I wish I had enough disks to get a representative sample within in a brand across the various grades of disks. Were the expensive Verbatim Data Life Plus better than the cheap plain Verbatim disks?

It was interesting tracking how the shells got thinner over time with even the high priced brands having thinner 3.5" shells in 2000 than the budget brands did in 1990 and all having thinner shells than the IBM disks from 1987.
 
This is the Amazon listing I got my latest batch of disks from.


They're a bit pricey, yes, but from my understanding these disks are newly manufactured.
 
I routinely get in disks from the late 70s. If good quality, no issues. If garbage, well...

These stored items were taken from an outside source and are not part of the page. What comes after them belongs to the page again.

(* Let $n\ge 2$, $T=n$, $I=J=\{1,\dots,n\}$, and $E=\{(i,1):i\in I\}\cup\{(j,j):j=2,\dots,n\}$. Then the clairvoyant optimum of IFM on this instance is at least $1-1/e$, while under RANKING the offline agent $1$ satisfies $\mathbb E[Z_1]=O(1/n)$. Hence RANKING has competitive ratio $0$ for IFM.
   Context: Model. An instance consists of a finite bipartite graph $(I,J,E)$, where $I$ is the set of offline agents and $J$ the set of online agent types, with $|J|=T$. For $j\in J$ let $\mathcal N_j=\{i\in I:(i,j)\in E\}$. There are $T$ rounds $t=1,\dots,T$; in each round exactly one online agent arrives, whose type is drawn uniformly at random from $J$ (each type with probability $1/T$), independently across rounds. Each offline agent can be matched at most once. When an online agent of type $j$ arrives, an online algorithm must immediately and irrevocably either reject it or match it to a currently unmatched $i\in\mathcal N_j$. Let $Z_i$ be the indicator that offline agent $i$ is matched by the end. IFM maximizes $\min_{i\in I}\mathbb E[Z_i]$. A clairvoyant policy observes the entire arrival sequence before choosing (possibly randomly) which arrivals to match to which compatible unmatched offline agents; the clairvoyant optimum is the supremum of $\min_i\mathbb E[Z_i]$ over clairvoyant policies. RANKING: before the online phase draw a uniformly random permutation $\pi$ of $I$; when an online agent of type $j$ arrives, match it to the currently unmatched neighbor of $j$ that comes earliest in $\pi$, or reject if none exists. *)

theory Defs
  imports "HOL-Probability.Probability"
begin

text \<open>An IFM instance: offline agents I, online types J, edges E \<subseteq> I \<times> J
 (pairs (i,j)), T rounds indexed 0..<T. An arrival sequence is a function
 s with s t \<in> J for t < T (extensional outside), drawn uniformly, i.e.
 i.i.d. uniform types.\<close>

definition arrivals :: "nat set \<Rightarrow> nat \<Rightarrow> (nat \<Rightarrow> nat) pmf" where
  "arrivals J T = pmf_of_set (PiE {..<T} (\<lambda>_. J))"

definition valid_matching ::
  "nat set \<Rightarrow> (nat \<times> nat) set \<Rightarrow> nat \<Rightarrow> (nat \<Rightarrow> nat) \<Rightarrow> (nat \<Rightarrow> nat option) \<Rightarrow> bool" where
  "valid_matching I E T s m \<longleftrightarrow>
     (\<forall>t. T \<le> t \<longrightarrow> m t = None) \<and>
     (\<forall>t<T. \<forall>i. m t = Some i \<longrightarrow> i \<in> I \<and> (i, s t) \<in> E) \<and>
     (\<forall>t1 t2 i. m t1 = Some i \<and> m t2 = Some i \<longrightarrow> t1 = t2)"

definition clairvoyant_policy ::
  "nat set \<Rightarrow> nat set \<Rightarrow> (nat \<times> nat) set \<Rightarrow> nat \<Rightarrow>
   ((nat \<Rightarrow> nat) \<Rightarrow> (nat \<Rightarrow> nat option) pmf) \<Rightarrow> bool" where
  "clairvoyant_policy I J E T P \<longleftrightarrow>
     (\<forall>s \<in> PiE {..<T} (\<lambda>_. J). set_pmf (P s) \<subseteq> {m. valid_matching I E T s m})"

definition clair_match_prob ::
  "nat set \<Rightarrow> nat \<Rightarrow> ((nat \<Rightarrow> nat) \<Rightarrow> (nat \<Rightarrow> nat option) pmf) \<Rightarrow> nat \<Rightarrow> real" where
  "clair_match_prob J T P i =
     measure_pmf.prob (bind_pmf (arrivals J T) P) {m. \<exists>t<T. m t = Some i}"

definition clair_opt :: "nat set \<Rightarrow> nat set \<Rightarrow> (nat \<times> nat) set \<Rightarrow> nat \<Rightarrow> real" where
  "clair_opt I J E T =
     (SUP P \<in> {P. clairvoyant_policy I J E T P}. Min ((clair_match_prob J T P) ` I))"

text \<open>RANKING. A random permutation \<pi> of I; agent i comes before i' iff
 \<pi> i < \<pi> i'. The run returns the set of matched offline agents after t rounds.\<close>

definition ranking_step ::
  "nat set \<Rightarrow> (nat \<times> nat) set \<Rightarrow> (nat \<Rightarrow> nat) \<Rightarrow> nat \<Rightarrow> nat set \<Rightarrow> nat set" where
  "ranking_step I E \<pi> j M =
     (let C = {i \<in> I. (i, j) \<in> E \<and> i \<notin> M}
      in if C = {} then M else insert (arg_min \<pi> (\<lambda>i. i \<in> C)) M)"

primrec ranking_run ::
  "nat set \<Rightarrow> (nat \<times> nat) set \<Rightarrow> (nat \<Rightarrow> nat) \<Rightarrow> (nat \<Rightarrow> nat) \<Rightarrow> nat \<Rightarrow> nat set" where
  "ranking_run I E \<pi> s 0 = {}"
| "ranking_run I E \<pi> s (Suc t) = ranking_step I E \<pi> (s t) (ranking_run I E \<pi> s t)"

definition ranking_match_prob ::
  "nat set \<Rightarrow> nat set \<Rightarrow> (nat \<times> nat) set \<Rightarrow> nat \<Rightarrow> nat \<Rightarrow> real" where
  "ranking_match_prob I J E T i =
     measure_pmf.prob (pair_pmf (pmf_of_set {\<pi>. \<pi> permutes I}) (arrivals J T))
       {(\<pi>, s). i \<in> ranking_run I E \<pi> s T}"

definition hard_edges :: "nat \<Rightarrow> (nat \<times> nat) set" where
  "hard_edges n = {(i, 1) | i. i \<in> {1..n}} \<union> {(j, j) | j. j \<in> {2..n}}"

end

theory Submission
  imports Defs
begin

text \<open>Clairvoyantly, matching the first arrival of each type \<open>j\<close> to agent \<open>j\<close> matches every
  agent with probability \<open>1 - (1 - 1/n)^n \<ge> 1 - 1/e\<close>.

  Under RANKING, fix the arrivals and let \<open>G\<close> consist of agent 1 and the agents \<open>j \<ge> 2\<close>
  whose type never arrives. Only type-1 arrivals can match agents of \<open>G\<close>, and when agent 1 is
  matched so is every agent ranked above it; hence agent 1 is matched only if its rank within
  \<open>G\<close> is at most the number \<open>K\<close> of type-1 arrivals, which has probability at most \<open>K / |G|\<close>
  over the random permutation. Turning an arrival into type 1 can only enlarge \<open>G\<close>, so by
  symmetry \<open>E[K / |G|] \<le> E[1 / |G|]\<close>; and \<open>|G| - 1\<close>, the number of unseen types, has mean of
  order \<open>n / e\<close> and variance at most its mean, so \<open>E[1 / |G|] = O(1 / n)\<close>.\<close>

section \<open>Uniformly random arrival sequences\<close>

lemma measure_pair_pmf_of_set:
  assumes A: "finite A" "A \<noteq> {}" and B: "finite B" "B \<noteq> {}"
  shows "measure_pmf.prob (pair_pmf (pmf_of_set A) (pmf_of_set B)) X
    = (\<Sum>b\<in>B. real (card {a \<in> A. (a, b) \<in> X})) / (real (card A) * real (card B))"
proof -
  have "pair_pmf (pmf_of_set A) (pmf_of_set B) = pmf_of_set (A \<times> B)"
  proof (rule pmf_eqI)
    fix x :: "'a \<times> 'b"
    show "pmf (pair_pmf (pmf_of_set A) (pmf_of_set B)) x = pmf (pmf_of_set (A \<times> B)) x"
      using A B by (cases x) (simp add: pmf_pair indicator_def card_cartesian_product)
  qed
  moreover have "(A \<times> B) \<inter> X = prod.swap ` (SIGMA b:B. {a \<in> A. (a, b) \<in> X})"
    by force
  then have "card ((A \<times> B) \<inter> X) = (\<Sum>b\<in>B. card {a \<in> A. (a, b) \<in> X})"
    using A B by (simp add: card_image)
  ultimately show ?thesis
    using A B by (simp add: measure_pmf_of_set card_cartesian_product)
qed

lemma fun_upd_in_PiE_lessThan:
  "s \<in> PiE {..<T} (\<lambda>_. A) \<Longrightarrow> t < T \<Longrightarrow> a \<in> A \<Longrightarrow> s(t := a) \<in> PiE {..<T} (\<lambda>_. A)"
  using PiE_fun_upd[of a "\<lambda>_. A" t s "{..<T}"] by (simp add: insert_absorb)

lemma card_PiE_avoiding:
  assumes "finite A" "B \<subseteq> A"
  shows "card {s \<in> PiE {..<T} (\<lambda>_. A). \<forall>t<T. s t \<notin> B} = (card A - card B) ^ T"
proof -
  have "{s \<in> PiE {..<T} (\<lambda>_. A). \<forall>t<T. s t \<notin> B} = PiE {..<T} (\<lambda>_. A - B)"
    by (rule set_eqI) (simp add: PiE_iff, blast)
  then show ?thesis
    using assms by (simp add: card_PiE card_Diff_subset finite_subset)
qed

lemma sum_PiE_fixed_coordinate_le:
  fixes F :: "(nat \<Rightarrow> 'a) \<Rightarrow> real" and A :: "'a set" and T :: nat
  defines "S \<equiv> PiE {..<T} (\<lambda>_. A)"
  assumes A: "finite A" "a \<in> A" and t: "t < T"
    and F_upd: "\<And>s. s \<in> S \<Longrightarrow> F (s(t := a)) \<le> F s"
  shows "real (card A) * (\<Sum>s\<in>{s \<in> S. s t = a}. F s) \<le> (\<Sum>s\<in>S. F s)"
proof -
  have fixed_le: "(\<Sum>s\<in>{s \<in> S. s t = a}. F s) \<le> (\<Sum>s\<in>{s \<in> S. s t = b}. F s)"
    if b: "b \<in> A" for b
  proof -
    have "(\<Sum>s\<in>{s \<in> S. s t = a}. F s) = (\<Sum>s\<in>{s \<in> S. s t = b}. F (s(t := a)))"
    proof (rule sum.reindex_bij_witness[where i = "\<lambda>s. s(t := a)" and j = "\<lambda>s. s(t := b)"])
      fix s assume s: "s \<in> {s \<in> S. s t = a}"
      then show "s(t := b, t := a) = s" "F (s(t := b, t := a)) = F s"
        by auto
      show "s(t := b) \<in> {s \<in> S. s t = b}"
        using s t b by (simp add: S_def fun_upd_in_PiE_lessThan)
    next
      fix s assume s: "s \<in> {s \<in> S. s t = b}"
      then show "s(t := a, t := b) = s"
        by auto
      show "s(t := a) \<in> {s \<in> S. s t = a}"
        using s t A by (simp add: S_def fun_upd_in_PiE_lessThan)
    qed
    also have "\<dots> \<le> (\<Sum>s\<in>{s \<in> S. s t = b}. F s)"
      using F_upd by (intro sum_mono) blast
    finally show ?thesis .
  qed
  have "finite S"
    using A by (simp add: S_def finite_PiE)
  moreover have "(\<lambda>s. s t) ` S \<subseteq> A"
    using t by (auto simp: S_def PiE_iff)
  ultimately have "(\<Sum>s\<in>S. F s) = (\<Sum>b\<in>A. \<Sum>s\<in>{s \<in> S. s t = b}. F s)"
    using A by (simp add: sum.group)
  also have "\<dots> \<ge> (\<Sum>b\<in>A. \<Sum>s\<in>{s \<in> S. s t = a}. F s)"
    by (rule sum_mono) (rule fixed_le)
  finally show ?thesis
    by simp
qed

I recall doing a job that involved about 30 DSDD floppies. About the first 15 were branded 3M that read without a problem. After that, it was "white box" unbranded ones--and it was a very different story. After about the first 10 cylinders, the data started "disappearing"--even using bit-transition attempts at recovery failed. The magnetization had simply left the building, as verified using a magnetic developer (Kyread).

I recall that MEI/Micro Center was infamous during the 1980s for bagging up and selling what amounted to floor sweepings.
 
I have had some mid 1990s CDs that seemed unreadable. No physical damage. The issue, I think, was something with the way the Windows 3.1 burning software wrote them - newer CD/DVD drives will just sit there and never become ready with these disks in the drive. But older CD/DVD drives (early 00s) will read them perfectly.
They could be using the old High Sierra format, which is incompatible with modern versions of Windows and Mac OS:

 
There was a change in the way they made media around the DVDR era with respect to dye reflectivity so modern drives might have issues reading old recordables.